As in other cases where forward steps towards federation have proved possible, the minds of the great majority of citizens were so disturbed by the pressure of political and economic evils that they were ripe to embark upon drastic change. The immediate troubles were of three kinds; first the external menace of a dreaded renewal of war with Great Britain and the dangers apprehended from Spanish encroachments in the Mississippi Valley; second, the dangers to public order that arose in various States from the outbreak of armed rebellion against the enforcement of taxation and the maintenance of justice; and third, the great economic distress caused by the depreciation of the currency, the lack of credit to restore foreign trade, and the general want of public confidence which hampered all enterprise. It became more and more evident to thinking men that the only hope lay in amending the Articles of Confederation so as to strengthen the central power.
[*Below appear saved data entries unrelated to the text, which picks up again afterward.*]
lemma dim_alternating_isotypic:
  assumes "j < d"
  shows "coeffs.dim (alternating.isotypic d j :: ((nat \<Rightarrow> nat) \<Rightarrow> 'k::field_char_0) set)
    = card (strict_partitions3 j)"
proof (rule dim_eq_card_orbit_funs[OF assms strict_partitions3_subset,
      where w = "\<lambda>t. of_int (sgn3 t)"])
  have w: "of_int (sgn3 (exps3 (b \<circ> s))) = (of_int (sign s) * of_int (sgn3 (exps3 b)) :: 'k)"
    if "s permutes I3" for b s
    using exps3_comp_permutes[OF that, of b] by simp
  show "orbit_fun (\<lambda>t. of_int (sgn3 t)) d j ` strict_partitions3 j
      \<subseteq> (alternating.isotypic d j :: ((nat \<Rightarrow> nat) \<Rightarrow> 'k) set)"
    by (intro image_subsetI alternating.orbit_fun_in_isotypic) (simp add: w)
  show "f (mon3 t) = of_int (sgn3 t) * f (mon3 (sort3 t))"
    if "f \<in> (alternating.isotypic d j :: ((nat \<Rightarrow> nat) \<Rightarrow> 'k) set)" for f t
  proof -
    have "f (mon3 (y, x, z)) = - f (mon3 (x, y, z))" "f (mon3 (x, z, y)) = - f (mon3 (x, y, z))"
      for x y z
      using alternating.isotypic_swap[OF that, where x = x and y = y and z = z]
      by (simp_all add: sign_swap_id)
    then show ?thesis by (rule alternating_eq_sorted[where F = "\<lambda>t. f (mon3 t)"])
  qed
qed (auto simp: alternating.isotypic_def sgn3_strict_partition
    intro: sort3_exps3_in_strict_partitions3)

subsection \<open>Counting sorted exponent triples\<close>

lemma partitions3_eq:
  assumes "1 \<le> n"
  shows "partitions3 n = (\<lambda>(x, y, z). (Suc x, y, z)) ` partitions3 (n - 1)
    \<union> (\<lambda>x. (x, x, n - 2 * x)) ` {(n + 2) div 3 .. n div 2}"
proof (intro set_eqI iffI)
  fix t assume "t \<in> partitions3 n"
  then obtain x y z where t: "t = (x, y, z)" "z \<le> y" "y \<le> x" "x + y + z = n"
    by (auto simp: partitions3_def)
  show "t \<in> (\<lambda>(x, y, z). (Suc x, y, z)) ` partitions3 (n - 1)
      \<union> (\<lambda>x. (x, x, n - 2 * x)) ` {(n + 2) div 3 .. n div 2}"
  proof (cases "x = y")
    case True
    then have "x \<in> {(n + 2) div 3 .. n div 2}" using t by auto
    with True t show ?thesis by auto
  next
    case False
    then have "(x - 1, y, z) \<in> partitions3 (n - 1)" using t by (auto simp: partitions3_def)
    with False t show ?thesis by (intro UnI1 rev_image_eqI[of "(x - 1, y, z)"]) auto
  qed
qed (use assms in \<open>auto simp: partitions3_def\<close>)

lemma card_partitions3:
  assumes "1 \<le> n"
  shows "card (partitions3 n) = card (partitions3 (n - 1)) + (Suc (n div 2) - (n + 2) div 3)"
proof -
  let ?A = "(\<lambda>(x, y, z). (Suc x, y, z)) ` partitions3 (n - 1)"
  let ?B = "(\<lambda>x. (x, x, n - 2 * x)) ` {(n + 2) div 3 .. n div 2}"
  have "?A \<inter> ?B = {}" by (auto simp: partitions3_def)
  then have "card (partitions3 n) = card ?A + card ?B"
    unfolding partitions3_eq[OF assms]
    by (intro card_Un_disjoint finite_imageI finite_partitions3) simp_all
  also have "\<dots> = card (partitions3 (n - 1)) + card {(n + 2) div 3 .. n div 2}"
    by (intro arg_cong2[where f = "(+)"] card_image) (auto simp: inj_on_def)
  finally show ?thesis by simp
qed

lemma strict_partitions3_eq:
  assumes "1 \<le> n"
  shows "strict_partitions3 n = (\<lambda>(x, y, z). (Suc x, y, z)) ` strict_partitions3 (n - 1)
    \<union> (\<lambda>y. (Suc y, y, n - 2 * y - 1)) ` {(n + 2) div 3 ..< (n + 1) div 2}"
proof (intro set_eqI iffI)
  fix t assume "t \<in> strict_partitions3 n"
  then obtain x y z where t: "t = (x, y, z)" "z < y" "y < x" "x + y + z = n"
    by (auto simp: strict_partitions3_def)
  show "t \<in> (\<lambda>(x, y, z). (Suc x, y, z)) ` strict_partitions3 (n - 1)
      \<union> (\<lambda>y. (Suc y, y, n - 2 * y - 1)) ` {(n + 2) div 3 ..< (n + 1) div 2}"
  proof (cases "x = Suc y")
    case True
    then have "y \<in> {(n + 2) div 3 ..< (n + 1) div 2}" using t by auto
    with True t show ?thesis by auto
  next
    case False
    then have "(x - 1, y, z) \<in> strict_partitions3 (n - 1)"
      using t by (auto simp: strict_partitions3_def)
    with False t show ?thesis by (intro UnI1 rev_image_eqI[of "(x - 1, y, z)"]) auto
  qed
qed (use assms in \<open>auto simp: strict_partitions3_def\<close>)

lemma card_strict_partitions3:
  assumes "1 \<le> n"
  shows "card (strict_partitions3 n)
    = card (strict_partitions3 (n - 1)) + ((n + 1) div 2 - (n + 2) div 3)"
proof -
  let ?A = "(\<lambda>(x, y, z). (Suc x, y, z)) ` strict_partitions3 (n - 1)"
  let ?B = "(\<lambda>y. (Suc y, y, n - 2 * y - 1)) ` {(n + 2) div 3 ..< (n + 1) div 2}"
  have "finite (strict_partitions3 (n - 1))"
    using finite_partitions3 strict_partitions3_subset by (rule finite_subset[rotated])
  moreover have "?A \<inter> ?B = {}" by (auto simp: strict_partitions3_def)
  ultimately have "card (strict_partitions3 n) = card ?A + card ?B"
    unfolding strict_partitions3_eq[OF assms] by (intro card_Un_disjoint finite_imageI) simp_all
  also have "\<dots> = card (strict_partitions3 (n - 1)) + card {(n + 2) div 3 ..< (n + 1) div 2}"
    by (intro arg_cong2[where f = "(+)"] card_image) (auto simp: inj_on_def)
  finally show ?thesis by simp
qed
lemma sum_u_sol: "0 < N \<Longrightarrow> (\<Sum>i=1..N. u_sol N \<beta> n i) = 0"
  unfolding u_sol_def sum_distrib_left[symmetric] of_real_sum[symmetric]
  by (simp only: sum_deviation_from_avg of_real_0 mult_zero_right)

lemma sum_ut_sol: "0 < N \<Longrightarrow> (\<Sum>i=1..N. ut_sol N \<beta> n i) = 0"
  unfolding ut_sol_def sum_distrib_left[symmetric] of_real_sum[symmetric]
  by (simp only: sum_deviation_from_avg of_real_0 mult_zero_right)

lemma Re_u_sol_minus_ut_sol: "Re (u_sol N \<beta> n i - ut_sol N \<beta> nt j) = 0"
  by (simp add: u_sol_def ut_sol_def)

lemma u_sol_scale: "u_sol N \<beta> n j = of_real \<beta> * u_sol N 1 n j"
  by (simp add: u_sol_def)

lemma ut_sol_scale: "ut_sol N \<beta> n j = of_real \<beta> * ut_sol N 1 n j"
  by (simp add: ut_sol_def)

lemma (in chemical_potentials) Bethe_equation_u_sol:
  assumes "0 < N" and "\<beta> \<noteq> 0"
  shows "0 = - 2 * pi * \<i> * of_int (n i) + \<i> * v_sol N \<beta> \<Delta> n
             + 1 / complex_of_real \<beta> * (\<Sum>k=1..N. E \<Delta> (u_sol N \<beta> n) (ut_sol N \<beta> nt) i k)"
proof -
  have scaled: "of_nat N * u_sol N \<beta> n i = - (\<i> * of_real \<beta>) * (of_int (n i) - of_real (avg N n))"
    using assms(1) by (simp add: u_sol_def)
  show ?thesis
    unfolding sum_E_row[where u="u_sol N \<beta> n" and ut="ut_sol N \<beta> nt",
        OF sum_ut_sol[OF assms(1)] Re_u_sol_minus_ut_sol] scaled
    using assms by (simp add: v_sol_def field_simps)
qed

lemma (in chemical_potentials) Bethe_equation_ut_sol:
  assumes "0 < N" and "\<beta> \<noteq> 0"
  shows "0 = - 2 * pi * \<i> * of_int (nt j) - \<i> * vt_sol N \<beta> \<Delta> nt
             + 1 / complex_of_real \<beta> * (\<Sum>k=1..N. E \<Delta> (u_sol N \<beta> n) (ut_sol N \<beta> nt) k j)"
proof -
  have scaled: "of_nat N * ut_sol N \<beta> nt j = \<i> * of_real \<beta> * (of_int (nt j) - of_real (avg N nt))"
    using assms(1) by (simp add: ut_sol_def)
  show ?thesis
    unfolding sum_E_column[where u="u_sol N \<beta> n" and ut="ut_sol N \<beta> nt",
        OF sum_u_sol[OF assms(1)] Re_u_sol_minus_ut_sol] scaled
    using assms by (simp add: vt_sol_def field_simps)
qed

lemma (in chemical_potentials) Bethe_V_sol_remainder:
  assumes "0 < N" and "\<beta> \<noteq> 0"
  shows "Bethe_V N \<beta> \<Delta> n nt (u_sol N \<beta> n) (ut_sol N \<beta> nt) (v_sol N \<beta> \<Delta> n) (vt_sol N \<beta> \<Delta> nt)
           - \<i> * of_nat (N^2) / complex_of_real \<beta> * (\<Sum>I=1..4. F (\<Delta> I))
         = of_real \<beta> * (2 * of_real pi * (\<Sum>i=1..N. of_int (n i) * u_sol N 1 n i - of_int (nt i) * ut_sol N 1 nt i)
             - \<i> * of_real pi * (\<Sum>i=1..N. \<Sum>j=1..N. (u_sol N 1 n i - ut_sol N 1 nt j)^2))"
proof -
  have linear: "(\<Sum>i=1..N. of_int (n i) * u_sol N \<beta> n i - of_int (nt i) * ut_sol N \<beta> nt i)
      = of_real \<beta> * (\<Sum>i=1..N. of_int (n i) * u_sol N 1 n i - of_int (nt i) * ut_sol N 1 nt i)"
    unfolding u_sol_scale[of N \<beta>] ut_sol_scale[of N \<beta>] by (simp add: sum_distrib_left algebra_simps)
  have quadratic: "(\<Sum>i=1..N. \<Sum>j=1..N. (u_sol N \<beta> n i - ut_sol N \<beta> nt j)^2)
      = of_real \<beta>^2 * (\<Sum>i=1..N. \<Sum>j=1..N. (u_sol N 1 n i - ut_sol N 1 nt j)^2)"
    unfolding u_sol_scale[of N \<beta>] ut_sol_scale[of N \<beta>]
    by (simp add: sum_distrib_left power_mult_distrib flip: right_diff_distrib)
  show ?thesis
    unfolding Bethe_V_eq[OF sum_u_sol[OF assms(1)] sum_ut_sol[OF assms(1)] Re_u_sol_minus_ut_sol]
      linear quadratic
    using assms(2) by (simp add: field_simps power2_eq_square)
qed

lemma bigo_of_real_if_eventually_linear:
  assumes "\<forall>\<^sub>F x in L. f x = complex_of_real x * c"
  shows "f \<in> O[L](\<lambda>x. complex_of_real x)"
proof -
  have "(\<lambda>x. complex_of_real x * c) \<in> O[L](\<lambda>x. complex_of_real x)"
    by (intro bigoI[where c="norm c"]) (simp add: norm_mult mult.commute)
  then show ?thesis using landau_o.big.in_cong[OF assms] by simp
qed

theorem mainTheorem7:
  fixes N :: nat and \<Delta> :: "nat \<Rightarrow> real" and n nt :: "nat \<Rightarrow> int"
  assumes "N \<ge> 2"
    and "\<forall>I\<in>{1..4}. 0 < \<Delta> I \<and> \<Delta> I < 2 * pi"
    and "(\<Sum>I=1..4. \<Delta> I) = 2 * pi"
  shows "(\<forall>\<beta>::real. \<beta> > 0 \<longrightarrow>
           ((\<Sum>i=1..N. u_sol N \<beta> n i) = 0 \<and> (\<Sum>i=1..N. ut_sol N \<beta> nt i) = 0 \<and>
           (\<forall>i\<in>{1..N}. \<forall>j\<in>{1..N}.
              0 = - 2 * pi * \<i> * of_int (n i) + \<i> * v_sol N \<beta> \<Delta> n
                  + 1 / complex_of_real \<beta> * (\<Sum>k=1..N. E \<Delta> (u_sol N \<beta> n) (ut_sol N \<beta> nt) i k) \<and>
              0 = - 2 * pi * \<i> * of_int (nt j) - \<i> * vt_sol N \<beta> \<Delta> nt
                  + 1 / complex_of_real \<beta> * (\<Sum>k=1..N. E \<Delta> (u_sol N \<beta> n) (ut_sol N \<beta> nt) k j))))
    \<and> ((\<lambda>\<beta>::real. Bethe_V N \<beta> \<Delta> n nt (u_sol N \<beta> n) (ut_sol N \<beta> nt) (v_sol N \<beta> \<Delta> n) (vt_sol N \<beta> \<Delta> nt)
               - \<i> * of_nat (N^2) / complex_of_real \<beta> * (\<Sum>I=1..4. F (\<Delta> I)))
         \<in> O[at_right 0](\<lambda>\<beta>. complex_of_real \<beta>))
    \<and> (\<forall>\<beta>::real. \<beta> > 0 \<longrightarrow> \<i> * of_nat (N^2) / complex_of_real \<beta> * (\<Sum>I=1..4. F (\<Delta> I))
           = \<i> * of_nat (N^2) / (2 * complex_of_real \<beta>) *
             (\<Sum>(a,b,c)\<in>{(a,b,c). 1 \<le> a \<and> a < b \<and> b < c \<and> c \<le> (4::nat)}.
                complex_of_real (\<Delta> a * \<Delta> b * \<Delta> c)))"
proof -
  interpret chemical_potentials \<Delta>
    using assms(2,3) by unfold_locales auto
  have N: "0 < N" using assms(1) by simp
  have remainder: "\<forall>\<^sub>F \<beta> in at_right 0.
      Bethe_V N \<beta> \<Delta> n nt (u_sol N \<beta> n) (ut_sol N \<beta> nt) (v_sol N \<beta> \<Delta> n) (vt_sol N \<beta> \<Delta> nt)
        - \<i> * of_nat (N^2) / complex_of_real \<beta> * (\<Sum>I=1..4. F (\<Delta> I))
      = of_real \<beta> * (2 * of_real pi * (\<Sum>i=1..N. of_int (n i) * u_sol N 1 n i - of_int (nt i) * ut_sol N 1 nt i)
          - \<i> * of_real pi * (\<Sum>i=1..N. \<Sum>j=1..N. (u_sol N 1 n i - ut_sol N 1 nt j)^2))"
    using eventually_at_right_less[of "0::real"]
    by (rule eventually_mono) (rule Bethe_V_sol_remainder[OF N], simp)
  show ?thesis
    using sum_u_sol[OF N] sum_ut_sol[OF N] Bethe_equation_u_sol[OF N] Bethe_equation_ut_sol[OF N]
      bigo_of_real_if_eventually_linear[OF remainder]
    unfolding sum_F_Delta_eq_elementary_symmetric by simp
qed

end
(* Let $(N,\langle\cdot,\cdot\rangle,\varphi)$ be a modified $H$-type group (see context), with $m=\dim\mathfrak v$. The Ricci operator $\mathrm{Rc}$ preserves the splitting $\mathfrak n=\mathfrak z\oplus\mathfrak v$, and $$\mathrm{Rc}|_{\mathfrak v}=-\tfrac{\xi}{2}\,\mathrm{Id}_{\mathfrak v},\qquad \mathrm{Rc}|_{\mathfrak z}=\tfrac m4\,\mathrm{Id}^\dagger_\varphi .$$
   Context: Let $N$ be a 2-step nilpotent real Lie group with Lie algebra $\mathfrak n$, Lie bracket $[\cdot,\cdot]$ and center $\mathfrak z$, endowed with a left-invariant pseudo-Riemannian metric $\langle\cdot,\cdot\rangle$ (identified with an inner product on $\mathfrak n$) for which $\mathfrak z$ is nondegenerate. Put $\mathfrak v=\mathfrak z^\perp$. For $z\in\mathfrak z$ define $j(z)\in\mathrm{End}(\mathfrak v)$ by $\langle [x,y],z\rangle=\langle y,j(z)x\rangle$ for all $x,y\in\mathfrak v$. Given a quadratic form $\varphi$ on $\mathfrak z$, $(N,\langle\cdot,\cdot\rangle,\varphi)$ is a modified $H$-type group if $j(z)^2=-\varphi(z)\,\mathrm{Id}_{\mathfrak v}$ for all $z\in\mathfrak z$. $\langle\cdot,\cdot\rangle_\varphi$ is the polarization of $\varphi$. With $\{z_1,\dots,z_p\}$ a pseudo-orthonormal basis of $\mathfrak z$, $\xi=\sum_{k}\langle z_k,z_k\rangle\varphi(z_k)$. The Ricci operator $\mathrm{Rc}:\mathfrak n\to\mathfrak n$ is defined by $\langle \mathrm{Rc}\,x,y\rangle=\mathrm{Ric}(x,y)$ for all $x,y\in\mathfrak n$. The operator $\mathrm{Id}^\dagger_\varphi:\mathfrak z\to\mathfrak z$ is defined by $\langle \mathrm{Id}^\dagger_\varphi z,z'\rangle=\langle z,z'\rangle_\varphi$ for all $z,z'\in\mathfrak z$. *)

theory Defs
  imports "HOL-Analysis.Analysis"
begin

text \<open>The Lie algebra n is modelled by a finite-dimensional real vector space 'a
(of class euclidean_space; its Euclidean structure is used only to define the trace).\<close>

definition two_step_nilpotent_lie :: "('a::euclidean_space \<Rightarrow> 'a \<Rightarrow> 'a) \<Rightarrow> bool" where
  "two_step_nilpotent_lie br \<longleftrightarrow>
     bilinear br \<and> (\<forall>x y. br x y = - br y x) \<and>
     (\<forall>x y w. br x (br y w) + br y (br w x) + br w (br x y) = 0) \<and>
     (\<forall>x y w. br (br x y) w = 0) \<and> (\<exists>x y. br x y \<noteq> 0)"

definition inner_prod :: "('a::euclidean_space \<Rightarrow> 'a \<Rightarrow> real) \<Rightarrow> bool" where
  "inner_prod g \<longleftrightarrow> bilinear g \<and> (\<forall>x y. g x y = g y x) \<and>
     (\<forall>x. (\<forall>y. g x y = 0) \<longrightarrow> x = 0)"

definition center :: "('a::euclidean_space \<Rightarrow> 'a \<Rightarrow> 'a) \<Rightarrow> 'a set" where
  "center br = {x. \<forall>y. br x y = 0}"

definition orth_compl :: "('a \<Rightarrow> 'a \<Rightarrow> real) \<Rightarrow> 'a set \<Rightarrow> 'a set" where
  "orth_compl g S = {x. \<forall>s\<in>S. g x s = 0}"

definition nondegenerate_on :: "('a::euclidean_space \<Rightarrow> 'a \<Rightarrow> real) \<Rightarrow> 'a set \<Rightarrow> bool" where
  "nondegenerate_on g S \<longleftrightarrow> (\<forall>x\<in>S. (\<forall>y\<in>S. g x y = 0) \<longrightarrow> x = 0)"

definition jmap :: "('a::euclidean_space \<Rightarrow> 'a \<Rightarrow> 'a) \<Rightarrow> ('a \<Rightarrow> 'a \<Rightarrow> real) \<Rightarrow> 'a \<Rightarrow> 'a \<Rightarrow> 'a" where
  "jmap br g z x = (THE w. w \<in> orth_compl g (center br) \<and>
      (\<forall>y\<in>orth_compl g (center br). g (br x y) z = g y w))"

definition quadratic_form_on :: "'a::euclidean_space set \<Rightarrow> ('a \<Rightarrow> real) \<Rightarrow> bool" where
  "quadratic_form_on S \<phi> \<longleftrightarrow> (\<exists>B. bilinear B \<and> (\<forall>x y. B x y = B y x) \<and> (\<forall>z\<in>S. \<phi> z = B z z))"

definition modified_H_type :: "('a::euclidean_space \<Rightarrow> 'a \<Rightarrow> 'a) \<Rightarrow> ('a \<Rightarrow> 'a \<Rightarrow> real) \<Rightarrow> ('a \<Rightarrow> real) \<Rightarrow> bool" where
  "modified_H_type br g \<phi> \<longleftrightarrow>
     two_step_nilpotent_lie br \<and> inner_prod g \<and> nondegenerate_on g (center br) \<and>
     quadratic_form_on (center br) \<phi> \<and>
     (\<forall>z\<in>center br. \<forall>x\<in>orth_compl g (center br). jmap br g z (jmap br g z x) = - \<phi> z *\<^sub>R x)"

definition polar :: "('a::euclidean_space \<Rightarrow> real) \<Rightarrow> 'a \<Rightarrow> 'a \<Rightarrow> real" where
  "polar \<phi> z z' = (\<phi> (z + z') - \<phi> z - \<phi> z') / 2"

definition Id_dagger :: "('a::euclidean_space \<Rightarrow> 'a \<Rightarrow> 'a) \<Rightarrow> ('a \<Rightarrow> 'a \<Rightarrow> real) \<Rightarrow> ('a \<Rightarrow> real) \<Rightarrow> 'a \<Rightarrow> 'a" where
  "Id_dagger br g \<phi> z = (THE w. w \<in> center br \<and> (\<forall>z'\<in>center br. g w z' = polar \<phi> z z'))"

definition pseudo_orthonormal_basis :: "('a::euclidean_space \<Rightarrow> 'a \<Rightarrow> real) \<Rightarrow> 'a set \<Rightarrow> 'a set \<Rightarrow> bool" where
  "pseudo_orthonormal_basis g S B \<longleftrightarrow> B \<subseteq> S \<and> independent B \<and> span B = span S \<and>
     (\<forall>u\<in>B. g u u = 1 \<or> g u u = -1) \<and> (\<forall>u\<in>B. \<forall>u'\<in>B. u \<noteq> u' \<longrightarrow> g u u' = 0)"

text \<open>Levi-Civita connection of the left-invariant metric (Koszul formula):
  2 g(nabla_x y, u) = g([x,y],u) - g([y,u],x) + g([u,x],y).\<close>
definition lc_conn :: "('a::euclidean_space \<Rightarrow> 'a \<Rightarrow> 'a) \<Rightarrow> ('a \<Rightarrow> 'a \<Rightarrow> real) \<Rightarrow> 'a \<Rightarrow> 'a \<Rightarrow> 'a" where
  "lc_conn br g x y = (THE w. \<forall>u. 2 * g w u = g (br x y) u - g (br y u) x + g (br u x) y)"

definition curv :: "('a::euclidean_space \<Rightarrow> 'a \<Rightarrow> 'a) \<Rightarrow> ('a \<Rightarrow> 'a \<Rightarrow> real) \<Rightarrow> 'a \<Rightarrow> 'a \<Rightarrow> 'a \<Rightarrow> 'a" where
  "curv br g x y w = lc_conn br g x (lc_conn br g y w) - lc_conn br g y (lc_conn br g x w)
      - lc_conn br g (br x y) w"

definition lin_trace :: "('a::euclidean_space \<Rightarrow> 'a) \<Rightarrow> real" where
  "lin_trace f = (\<Sum>e\<in>Basis. inner (f e) e)"
lemma mono_epi_is_iso:
  assumes m: "is_mono C X Y m" and e: "is_epi C X Y m" shows "is_iso C X Y m"
proof -
  obtain V f where k: "is_kernel C Y V f X m" using mono_is_kernel m by blast
  have mh: "m \<in> cat_hom C X Y" using mono_hom[OF m] .
  have fh: "f \<in> cat_hom C Y V" using kernelD(1)[OF k] .
  have "zero_arr C Y V f" using zero_arr_epi_cancel[OF e fh kernelD(3)[OF k]] .
  then have "zero_arr C Y V (cat_comp C f (cat_id C Y))" using fh by simp
  then obtain u where u: "u \<in> cat_hom C Y X" "cat_comp C m u = cat_id C Y"
    using kernel_factor[OF k id_hom[OF hom_cod_ob[OF mh]]] by blast
  have "cat_comp C m (cat_comp C u m) = cat_comp C m (cat_id C X)"
    using assoc[OF mh u(1) mh] u(2) mh by simp
  then have "cat_comp C u m = cat_id C X"
    using mono_cancel[OF m comp_hom[OF mh u(1)] id_hom[OF hom_dom_ob[OF mh]]] by blast
  then show ?thesis using isoI[OF mh u(1)] u(2) by blast
qed

end

section \<open>Functors and natural transformations\<close>

lemma functor_ob: "is_functor C D F \<Longrightarrow> X \<in> cat_ob C \<Longrightarrow> fob F X \<in> cat_ob D"
  unfolding is_functor_def by (drule conjunct1) blast

lemma functor_hom: "is_functor C D F \<Longrightarrow> f \<in> cat_hom C X Y \<Longrightarrow> farr F f \<in> cat_hom D (fob F X) (fob F Y)"
  unfolding is_functor_def by (drule conjunct2[THEN conjunct1]) blast

lemma functor_id: "is_functor C D F \<Longrightarrow> X \<in> cat_ob C \<Longrightarrow> farr F (cat_id C X) = cat_id D (fob F X)"
  unfolding is_functor_def by (drule conjunct2[THEN conjunct2, THEN conjunct1]) blast

lemma functor_comp: "is_functor C D F \<Longrightarrow> f \<in> cat_hom C X Y \<Longrightarrow> g \<in> cat_hom C Y Z \<Longrightarrow>
    farr F (cat_comp C g f) = cat_comp D (farr F g) (farr F f)"
  unfolding is_functor_def by (drule conjunct2[THEN conjunct2, THEN conjunct2]) blast
(* There exist knots $K$ such that: $\det(K)$ has no divisor congruent to $3\bmod 4$; the Alexander polynomial has the form $\Delta_K(t)=f(t)f(1/t)$ for some $f\in\mathbb{Z}[t]$; all Tristram–Levine signatures of $K$ vanish; $|\Lambda_0(K)|>\sqrt{\det(K)}$; and the linking form of $K$ has no metabolizer.
   Context: For a knot $K\subset S^3$, $D_K$ is the double branched cover of $S^3$ over $K$; $H_1(D_K;\mathbb{Z})$ is finite of odd order $\det(K)=|\Delta_K(-1)|$. The linking form $\lambda:H_1(D_K)\times H_1(D_K)\to\mathbb{Q}/\mathbb{Z}$ is the standard symmetric non-degenerate linking pairing. The isotropic cone is $\Lambda_0(K)=\{g\in H_1(D_K):\lambda(g,g)=0\}$. A metabolizer is a subgroup $M\subset H_1(D_K)$ of order $\sqrt{\det(K)}$ with $M=M^\perp=\{g:\lambda(g,h)=0\ \forall h\in M\}$. For a Seifert matrix $V$ of $K$ and $\xi\in\mathbb{C}$ with $|\xi|=1$, the Tristram–Levine signature $\sigma_\xi(K)$ is the signature of the Hermitian matrix $(1-\xi)V+(1-\bar\xi)V^T$. *)

theory Defs
  imports "Jordan_Normal_Form.Char_Poly" "HOL-Algebra.Group" "HOL-Computational_Algebra.Polynomial"
begin

text \<open>Knots are modelled by their Seifert matrices: an integer square matrix V with
  det(V - V^T) = 1.  (Every such matrix is the Seifert matrix of some knot in S^3.)\<close>

definition seifert_matrix :: "int mat \<Rightarrow> bool" where
  "seifert_matrix V \<longleftrightarrow> V \<in> carrier_mat (dim_row V) (dim_row V) \<and>
     det (V - transpose_mat V) = 1"

text \<open>Symmetrised matrix V + V^T: presentation matrix of H_1(D_K).\<close>
definition sym_mat :: "int mat \<Rightarrow> int mat" where
  "sym_mat V = V + transpose_mat V"

text \<open>det(K) = |Delta_K(-1)| = |det(V + V^T)|.\<close>
definition knot_det :: "int mat \<Rightarrow> nat" where
  "knot_det V = nat \<bar>det (sym_mat V)\<bar>"

text \<open>Alexander polynomial Delta_K(t) = det(V - t V^T), well defined up to units +-t^k.\<close>
definition alexander_poly :: "int mat \<Rightarrow> int poly" where
  "alexander_poly V = det (map_mat (\<lambda>a. [:a:]) V - map_mat (\<lambda>a. [:0, a:]) (transpose_mat V))"

text \<open>Delta_K(t) = f(t) f(1/t) up to units: monom e a * Delta = monom 1 b * f * reflect_poly f,
  where reflect_poly f (t) = t^(deg f) f(1/t).\<close>
definition alexander_is_norm :: "int mat \<Rightarrow> bool" where
  "alexander_is_norm V \<longleftrightarrow> (\<exists>f :: int poly. \<exists>e :: int. \<exists>a b :: nat. e \<in> {1, -1} \<and>
     monom e a * alexander_poly V = monom 1 b * f * reflect_poly f)"

definition signature :: "complex mat \<Rightarrow> int" where
  "signature B =
     int (\<Sum>x\<in>{x::real. x > 0 \<and> poly (char_poly B) (complex_of_real x) = 0}.
            order (complex_of_real x) (char_poly B))
   - int (\<Sum>x\<in>{x::real. x < 0 \<and> poly (char_poly B) (complex_of_real x) = 0}.
            order (complex_of_real x) (char_poly B))"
Matters at last came to a head in 1787, and advantage was taken of a partial conference at Annapolis on economic questions to arrange for a general Convention of delegates from all the States to meet at Philadelphia. There behind closed doors in the freest of discussion a new compact was hammered out that not only removed the dangers to the continued existence of the United States, but recorded an unprecedented advance in the application of political ideas to the machinery of government.